Researchers at the University of Melbourne and the Pacific Climate Change Centre have received nearly 4.9 AUD million in funding from Wellcome to strengthen Pacific populations’ resilience to the health impacts of a changing climate.
PAVE – Health: Pacific Action to enhance the Visibility of Evidence on Health and Climate Impacts aims to rapidly upskill policymakers, researchers, and health practitioners to draw attention to and reduce climate-related health impacts across four Pacific Island Countries: Federated States of Micronesia, Kiribati, Samoa and Solomon Islands, Kiribati.
Pacific island countries face imminent threats to human health from the impacts of climate change, however, lack capacity and resourcing to coordinate, document and implement necessary responses.
Currently, the Pacific region receives less than ten per cent of multilateral global adaptation finance, with health-specific projects globally receiving less than two per cent of multilateral adaptation finance.
This limited funding is exacerbated by a lack of localised data on climate risks to and impacts on health, limited or fragmented responses to these risks and impacts, and limited capacity to translate the information available for global policy bodies such as the Intergovernmental Panel on Climate Change.
The PAVE-Health Intervention will address resource and data shortages by:
- • Generating evidence on local climate-related health risks and impacts to address existing data and policy gaps
- • Making this evidence available for use by the health sector to access climate finance and advocate for policy action to address climate-related health impacts
- • Demonstrating the feasibility and effectiveness of a capacity-building program as an intervention to build sustainable capabilities in the Pacific.
“The Pacific region is uniquely and severely susceptible to the health impacts of climate change as a result of extreme and high-impact environmental events, including tropical cyclones, drought, sea-level rise, coastal inundation and floods. Yet it is under-resourced and underrepresented in the development of international health policies and practices,” says Ms Kathryn Bowen, Professor of Environment, Climate and Global Health in the Melbourne School of Population and Global Health and Deputy Director of Melbourne Climate Futures.

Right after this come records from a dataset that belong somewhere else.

lemma char_poly_division:
  assumes A: "A \<in> carrier_mat n n"
  obtains Q R where "p = char_poly A * Q + R" and "\<forall>k\<ge>n. coeff R k = 0"
proof -
  have "monic (char_poly A)" and "degree (char_poly A) = n"
    using degree_monic_char_poly[OF A] by auto
  with that show ?thesis
    using monic_division[of "char_poly A" p] by metis
qed

lemma annihilates_mod_iff:
  assumes A: "A \<in> carrier_mat n n"
  shows "annihilates_mod q G A \<longleftrightarrow> (\<forall>i<n. \<forall>j<n. q dvd poly_mat_eval G A $$ (i, j))"
  using A unfolding annihilates_mod_def mat_cong_def by auto

lemma annihilates_mod_cong:
  assumes A: "A \<in> carrier_mat n n" and GH: "poly_cong q G H"
  shows "annihilates_mod q G A \<longleftrightarrow> annihilates_mod q H A"
proof -
  define N where "N = Suc (degree G + degree H)"
  have N: "\<forall>k\<ge>N. coeff G k = 0" "\<forall>k\<ge>N. coeff H k = 0"
    by (auto simp: N_def coeff_eq_0)
  have "q dvd poly_mat_eval G A $$ (i, j) - poly_mat_eval H A $$ (i, j)" if ij: "i < n" "j < n" for i j
    unfolding poly_mat_eval_index[OF A ij N(1)] poly_mat_eval_index[OF A ij N(2)]
    using GH by (auto simp: poly_cong_def simp flip: sum_subtractf left_diff_distrib intro!: dvd_sum dvd_mult2)
  then show ?thesis
    unfolding annihilates_mod_iff[OF A] by (metis diff_add_cancel dvd_add_right_iff)
qed

lemma dvd_prod_diff:
  fixes f g :: "'b \<Rightarrow> 'a :: comm_ring_1"
  assumes "\<And>i. i \<in> S \<Longrightarrow> q dvd f i - g i"
  shows "q dvd prod f S - prod g S"
  using assms
proof (induction S rule: infinite_finite_induct)
  case (insert x S)
  have "prod f (insert x S) - prod g (insert x S) = f x * (prod f S - prod g S) + (f x - g x) * prod g S"
    using insert.hyps by (simp add: algebra_simps)
  then show ?case
    using insert by (simp add: dvd_mult dvd_mult2)
qed simp_all

lemma mat_cong_det_dvd:
  assumes M: "M \<in> carrier_mat n n" and N: "N \<in> carrier_mat n n" and MN: "mat_cong q M N"
  shows "q dvd det M - det N"
proof -
  have "q dvd (\<Prod>i = 0..<n. M $$ (i, p i)) - (\<Prod>i = 0..<n. N $$ (i, p i))" if "p permutes {0..<n}" for p
    using MN M N permutes_in_image[OF that] by (intro dvd_prod_diff) (auto simp: mat_cong_def)
  then show ?thesis
    unfolding det_def'[OF M] det_def'[OF N]
    by (auto simp flip: sum_subtractf right_diff_distrib intro!: dvd_sum dvd_mult)
qed

lemma dvd_mult_mat_vec_index:
  fixes q :: "'a :: comm_ring_1"
  assumes "M \<in> carrier_mat nr n" and "w \<in> carrier_vec n" and "i < nr"
    and "\<And>l. l < n \<Longrightarrow> q dvd M $$ (i, l) * w $ l"
  shows "q dvd (M *\<^sub>v w) $ i"
proof -
  have "(M *\<^sub>v w) $ i = (\<Sum>l<n. M $$ (i, l) * w $ l)"
    using assms by (simp add: scalar_prod_def atLeast0LessThan)
  also have "q dvd \<dots>"
    using assms by (intro dvd_sum) auto
  finally show ?thesis .
qed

"It is absolutely vital that we work with Pacific communities to collect and translate data that can inform and enhance local adaptation to these vulnerabilities and, even further, contribute to global responses to climate–health impacts."
Wellcome has committed AUD 4,899,891 to the project, which is led by Professor Bowen at the University of Melbourne, and will be conducted in partnership with the Pacific Climate Change Centre led by Ms. Ófa Kaisamy, hosted at the Secretariat of the Pacific Regional Environment Programme (SPREP).
”Our Pacific is a climate change hotspot, which generates the single greatest threat to both the physical and mental health of our Pacific people. We acknowledge the approval of the PAVE–Health intervention, which aims to unlock critical resources – financial, human and technical – for us to address current and future climate-related health risks by making the health impacts of climate change visible. This visibility is critical to accessing climate finance for climate change and health interventions,” said Ms. Ófa Kaisamy, Manager of the Pacific Climate Change Centre.
The project will be conducted with the guidance and collaboration of local communities, policymakers, practitioners and researchers to ensure it is relevant and applicable to the Pacific populations it sets out to support.